> Work to complete
Only the final stretch of the data is wanted: reproduce the line containing "by (rule lift_subst_low) simp" and each line after it, exactly.

(Data extract begins)

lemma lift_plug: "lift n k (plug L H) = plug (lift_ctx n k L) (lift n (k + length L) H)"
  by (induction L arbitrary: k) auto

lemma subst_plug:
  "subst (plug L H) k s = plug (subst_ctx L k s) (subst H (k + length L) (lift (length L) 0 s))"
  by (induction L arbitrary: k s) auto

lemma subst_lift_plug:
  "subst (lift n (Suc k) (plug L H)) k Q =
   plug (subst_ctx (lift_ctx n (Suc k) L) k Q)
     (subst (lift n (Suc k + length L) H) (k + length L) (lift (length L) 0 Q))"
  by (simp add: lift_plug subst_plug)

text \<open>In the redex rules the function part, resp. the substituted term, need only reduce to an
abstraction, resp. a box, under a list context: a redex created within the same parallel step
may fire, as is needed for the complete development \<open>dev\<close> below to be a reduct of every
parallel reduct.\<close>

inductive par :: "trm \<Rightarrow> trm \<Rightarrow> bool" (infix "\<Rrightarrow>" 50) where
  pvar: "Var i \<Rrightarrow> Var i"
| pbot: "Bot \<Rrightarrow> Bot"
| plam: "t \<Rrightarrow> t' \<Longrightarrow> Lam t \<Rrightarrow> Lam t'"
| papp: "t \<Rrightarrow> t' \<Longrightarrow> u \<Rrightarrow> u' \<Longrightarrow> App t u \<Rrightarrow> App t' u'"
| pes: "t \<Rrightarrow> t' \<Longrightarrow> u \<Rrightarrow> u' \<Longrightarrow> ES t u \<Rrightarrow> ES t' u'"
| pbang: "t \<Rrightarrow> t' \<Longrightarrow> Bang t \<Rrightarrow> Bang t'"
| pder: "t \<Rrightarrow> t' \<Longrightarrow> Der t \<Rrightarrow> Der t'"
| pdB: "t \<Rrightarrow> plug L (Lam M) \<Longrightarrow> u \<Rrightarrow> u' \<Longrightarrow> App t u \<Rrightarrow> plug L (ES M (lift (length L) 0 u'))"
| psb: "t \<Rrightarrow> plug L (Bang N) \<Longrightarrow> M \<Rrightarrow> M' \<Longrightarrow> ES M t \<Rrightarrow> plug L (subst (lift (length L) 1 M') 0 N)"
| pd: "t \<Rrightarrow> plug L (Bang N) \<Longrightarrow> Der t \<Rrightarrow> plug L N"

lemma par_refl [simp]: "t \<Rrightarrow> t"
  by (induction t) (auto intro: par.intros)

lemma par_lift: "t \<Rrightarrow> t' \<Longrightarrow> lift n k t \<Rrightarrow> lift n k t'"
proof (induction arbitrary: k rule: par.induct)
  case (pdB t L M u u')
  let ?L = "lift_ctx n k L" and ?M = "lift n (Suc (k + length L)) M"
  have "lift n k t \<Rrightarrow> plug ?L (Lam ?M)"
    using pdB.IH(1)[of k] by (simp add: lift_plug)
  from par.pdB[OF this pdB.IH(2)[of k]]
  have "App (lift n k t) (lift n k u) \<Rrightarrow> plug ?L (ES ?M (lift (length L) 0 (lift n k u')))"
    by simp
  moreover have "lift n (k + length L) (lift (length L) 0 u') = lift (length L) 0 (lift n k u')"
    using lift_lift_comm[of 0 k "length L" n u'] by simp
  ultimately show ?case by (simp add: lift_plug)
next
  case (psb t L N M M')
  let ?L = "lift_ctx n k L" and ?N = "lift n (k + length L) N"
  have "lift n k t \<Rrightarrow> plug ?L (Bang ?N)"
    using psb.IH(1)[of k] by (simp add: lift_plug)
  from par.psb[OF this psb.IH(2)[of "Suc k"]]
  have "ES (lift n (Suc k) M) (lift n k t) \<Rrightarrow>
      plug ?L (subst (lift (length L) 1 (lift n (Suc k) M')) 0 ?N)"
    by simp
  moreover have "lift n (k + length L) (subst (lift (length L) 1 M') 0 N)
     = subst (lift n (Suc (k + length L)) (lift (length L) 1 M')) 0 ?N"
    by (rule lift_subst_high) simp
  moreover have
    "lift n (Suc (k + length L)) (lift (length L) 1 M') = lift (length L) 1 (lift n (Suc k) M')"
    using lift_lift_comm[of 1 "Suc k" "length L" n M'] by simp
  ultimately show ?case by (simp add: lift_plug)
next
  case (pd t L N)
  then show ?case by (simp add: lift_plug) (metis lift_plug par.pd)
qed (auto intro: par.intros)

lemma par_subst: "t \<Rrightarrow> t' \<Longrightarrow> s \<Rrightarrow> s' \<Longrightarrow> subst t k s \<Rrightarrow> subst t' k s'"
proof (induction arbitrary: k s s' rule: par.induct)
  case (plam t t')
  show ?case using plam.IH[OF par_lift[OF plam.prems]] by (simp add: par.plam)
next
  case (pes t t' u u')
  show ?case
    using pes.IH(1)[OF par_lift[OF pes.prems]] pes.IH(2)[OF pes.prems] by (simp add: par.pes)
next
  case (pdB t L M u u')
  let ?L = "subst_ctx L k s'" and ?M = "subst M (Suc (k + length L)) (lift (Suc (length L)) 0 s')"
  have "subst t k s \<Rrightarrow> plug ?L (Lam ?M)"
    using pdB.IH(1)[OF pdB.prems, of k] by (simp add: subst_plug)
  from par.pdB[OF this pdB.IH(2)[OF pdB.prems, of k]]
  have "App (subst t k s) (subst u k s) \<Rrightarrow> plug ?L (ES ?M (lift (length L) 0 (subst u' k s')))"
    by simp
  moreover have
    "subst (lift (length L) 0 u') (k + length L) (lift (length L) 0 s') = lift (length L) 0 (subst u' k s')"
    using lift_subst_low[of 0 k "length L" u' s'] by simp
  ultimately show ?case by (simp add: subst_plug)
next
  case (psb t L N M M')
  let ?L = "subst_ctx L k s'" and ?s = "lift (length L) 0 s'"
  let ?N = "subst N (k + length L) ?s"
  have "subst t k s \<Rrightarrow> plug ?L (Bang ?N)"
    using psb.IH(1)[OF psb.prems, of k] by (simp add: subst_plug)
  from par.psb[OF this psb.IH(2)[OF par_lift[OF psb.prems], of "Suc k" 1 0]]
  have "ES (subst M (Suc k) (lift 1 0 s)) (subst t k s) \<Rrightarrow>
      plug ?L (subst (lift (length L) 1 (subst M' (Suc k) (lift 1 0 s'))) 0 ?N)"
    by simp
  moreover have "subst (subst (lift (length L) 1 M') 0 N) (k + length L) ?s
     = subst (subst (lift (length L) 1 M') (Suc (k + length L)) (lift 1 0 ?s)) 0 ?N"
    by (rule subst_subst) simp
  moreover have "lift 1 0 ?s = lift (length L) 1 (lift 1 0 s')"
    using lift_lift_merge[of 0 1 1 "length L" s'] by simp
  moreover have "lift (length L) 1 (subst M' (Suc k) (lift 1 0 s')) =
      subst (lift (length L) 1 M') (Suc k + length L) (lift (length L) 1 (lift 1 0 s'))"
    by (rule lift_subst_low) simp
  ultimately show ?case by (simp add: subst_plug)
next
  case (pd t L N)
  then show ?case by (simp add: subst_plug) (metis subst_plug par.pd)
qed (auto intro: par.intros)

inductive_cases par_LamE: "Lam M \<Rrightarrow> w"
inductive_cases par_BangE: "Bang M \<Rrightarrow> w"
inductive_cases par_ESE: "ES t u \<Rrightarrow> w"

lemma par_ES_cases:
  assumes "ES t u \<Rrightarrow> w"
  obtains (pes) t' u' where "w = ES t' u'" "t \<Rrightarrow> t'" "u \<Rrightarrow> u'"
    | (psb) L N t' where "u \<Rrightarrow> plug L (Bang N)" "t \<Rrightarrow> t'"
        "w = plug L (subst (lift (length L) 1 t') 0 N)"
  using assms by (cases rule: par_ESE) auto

(Data extract ends)

> Result for this task
    by (rule lift_subst_low) simp
  ultimately show ?case by (simp add: subst_plug)
next
  case (pd t L N)
  then show ?case by (simp add: subst_plug) (metis subst_plug par.pd)
qed (auto intro: par.intros)

inductive_cases par_LamE: "Lam M \<Rrightarrow> w"
inductive_cases par_BangE: "Bang M \<Rrightarrow> w"
inductive_cases par_ESE: "ES t u \<Rrightarrow> w"

lemma par_ES_cases:
  assumes "ES t u \<Rrightarrow> w"
  obtains (pes) t' u' where "w = ES t' u'" "t \<Rrightarrow> t'" "u \<Rrightarrow> u'"
    | (psb) L N t' where "u \<Rrightarrow> plug L (Bang N)" "t \<Rrightarrow> t'"
        "w = plug L (subst (lift (length L) 1 t') 0 N)"
  using assms by (cases rule: par_ESE) auto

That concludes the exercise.